BEGIN

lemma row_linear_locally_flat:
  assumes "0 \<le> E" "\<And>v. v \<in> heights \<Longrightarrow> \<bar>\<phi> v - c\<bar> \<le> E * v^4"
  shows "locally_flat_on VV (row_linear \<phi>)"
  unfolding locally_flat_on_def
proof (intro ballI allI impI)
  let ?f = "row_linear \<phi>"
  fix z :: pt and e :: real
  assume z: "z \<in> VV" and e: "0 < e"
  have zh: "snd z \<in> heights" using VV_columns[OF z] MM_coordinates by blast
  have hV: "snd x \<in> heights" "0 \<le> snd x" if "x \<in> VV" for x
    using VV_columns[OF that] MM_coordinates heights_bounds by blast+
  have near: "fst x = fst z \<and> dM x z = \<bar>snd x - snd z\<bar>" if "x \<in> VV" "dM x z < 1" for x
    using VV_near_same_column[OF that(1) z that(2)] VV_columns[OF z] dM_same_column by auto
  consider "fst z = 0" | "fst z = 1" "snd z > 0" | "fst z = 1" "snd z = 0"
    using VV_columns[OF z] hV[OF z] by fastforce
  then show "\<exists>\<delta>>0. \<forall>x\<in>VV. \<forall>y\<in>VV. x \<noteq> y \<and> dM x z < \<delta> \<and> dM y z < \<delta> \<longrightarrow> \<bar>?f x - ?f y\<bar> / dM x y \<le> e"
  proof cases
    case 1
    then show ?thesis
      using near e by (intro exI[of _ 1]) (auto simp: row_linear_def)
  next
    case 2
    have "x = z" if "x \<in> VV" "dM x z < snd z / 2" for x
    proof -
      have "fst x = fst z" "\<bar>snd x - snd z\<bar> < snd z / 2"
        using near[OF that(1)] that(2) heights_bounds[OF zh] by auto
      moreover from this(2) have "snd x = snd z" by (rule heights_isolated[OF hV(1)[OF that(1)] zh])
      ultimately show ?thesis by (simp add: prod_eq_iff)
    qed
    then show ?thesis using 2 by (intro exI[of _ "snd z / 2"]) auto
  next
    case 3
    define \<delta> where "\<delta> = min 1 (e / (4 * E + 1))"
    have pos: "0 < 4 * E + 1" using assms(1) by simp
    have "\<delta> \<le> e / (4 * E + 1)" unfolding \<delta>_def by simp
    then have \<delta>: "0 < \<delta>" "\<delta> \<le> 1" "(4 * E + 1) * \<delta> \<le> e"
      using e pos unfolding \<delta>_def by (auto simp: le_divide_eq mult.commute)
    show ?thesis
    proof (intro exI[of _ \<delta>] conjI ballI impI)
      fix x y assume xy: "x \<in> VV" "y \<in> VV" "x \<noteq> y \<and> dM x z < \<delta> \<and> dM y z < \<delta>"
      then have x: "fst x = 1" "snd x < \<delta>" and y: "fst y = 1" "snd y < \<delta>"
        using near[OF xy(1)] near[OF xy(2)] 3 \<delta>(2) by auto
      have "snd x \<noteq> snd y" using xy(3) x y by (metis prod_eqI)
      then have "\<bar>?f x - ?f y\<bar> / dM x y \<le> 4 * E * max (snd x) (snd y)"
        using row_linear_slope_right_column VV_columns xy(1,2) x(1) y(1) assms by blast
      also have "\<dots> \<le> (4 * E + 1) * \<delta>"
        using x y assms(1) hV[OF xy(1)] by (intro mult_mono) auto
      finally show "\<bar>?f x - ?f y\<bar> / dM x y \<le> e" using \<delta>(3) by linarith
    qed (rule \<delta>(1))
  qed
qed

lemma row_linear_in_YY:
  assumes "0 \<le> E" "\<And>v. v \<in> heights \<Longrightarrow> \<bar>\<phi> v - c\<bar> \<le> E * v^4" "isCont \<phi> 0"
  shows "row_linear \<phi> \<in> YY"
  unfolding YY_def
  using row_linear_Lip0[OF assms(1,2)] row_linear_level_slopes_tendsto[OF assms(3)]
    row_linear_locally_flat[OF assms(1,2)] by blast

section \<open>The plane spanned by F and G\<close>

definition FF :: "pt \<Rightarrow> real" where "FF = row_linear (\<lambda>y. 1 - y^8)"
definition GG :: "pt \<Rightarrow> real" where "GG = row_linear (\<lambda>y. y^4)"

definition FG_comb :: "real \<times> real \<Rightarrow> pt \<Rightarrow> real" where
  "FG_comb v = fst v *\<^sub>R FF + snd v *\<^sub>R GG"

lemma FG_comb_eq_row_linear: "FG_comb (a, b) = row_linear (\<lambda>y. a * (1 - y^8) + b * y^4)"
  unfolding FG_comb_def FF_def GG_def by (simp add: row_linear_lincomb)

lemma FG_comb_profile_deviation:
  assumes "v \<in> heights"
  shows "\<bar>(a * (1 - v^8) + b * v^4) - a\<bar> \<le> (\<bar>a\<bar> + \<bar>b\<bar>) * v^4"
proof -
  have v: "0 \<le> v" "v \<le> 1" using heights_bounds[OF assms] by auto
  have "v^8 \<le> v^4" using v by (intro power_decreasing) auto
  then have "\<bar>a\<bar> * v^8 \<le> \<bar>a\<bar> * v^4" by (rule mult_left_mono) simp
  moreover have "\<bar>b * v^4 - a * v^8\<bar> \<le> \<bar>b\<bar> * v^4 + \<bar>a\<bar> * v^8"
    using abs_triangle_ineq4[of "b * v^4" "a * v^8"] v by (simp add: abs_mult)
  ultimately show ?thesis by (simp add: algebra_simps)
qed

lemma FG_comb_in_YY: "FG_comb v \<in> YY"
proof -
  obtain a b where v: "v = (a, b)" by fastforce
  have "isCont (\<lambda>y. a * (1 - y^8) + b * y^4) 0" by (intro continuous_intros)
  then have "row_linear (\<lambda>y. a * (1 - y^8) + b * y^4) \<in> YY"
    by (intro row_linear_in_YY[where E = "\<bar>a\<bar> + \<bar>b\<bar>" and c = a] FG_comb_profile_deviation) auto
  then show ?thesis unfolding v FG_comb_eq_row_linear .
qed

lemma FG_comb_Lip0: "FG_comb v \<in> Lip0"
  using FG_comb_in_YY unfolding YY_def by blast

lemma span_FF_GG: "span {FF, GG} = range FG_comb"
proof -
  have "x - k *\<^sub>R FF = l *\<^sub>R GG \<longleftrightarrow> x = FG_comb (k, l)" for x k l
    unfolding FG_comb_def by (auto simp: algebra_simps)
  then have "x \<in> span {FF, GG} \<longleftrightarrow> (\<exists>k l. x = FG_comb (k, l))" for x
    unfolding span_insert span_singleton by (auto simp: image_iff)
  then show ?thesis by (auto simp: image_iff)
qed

END

* **The task**: Count of lines holding the string "assumes": please work it out for the entries above and give the number alone.

* **Solution to this exercise**: 3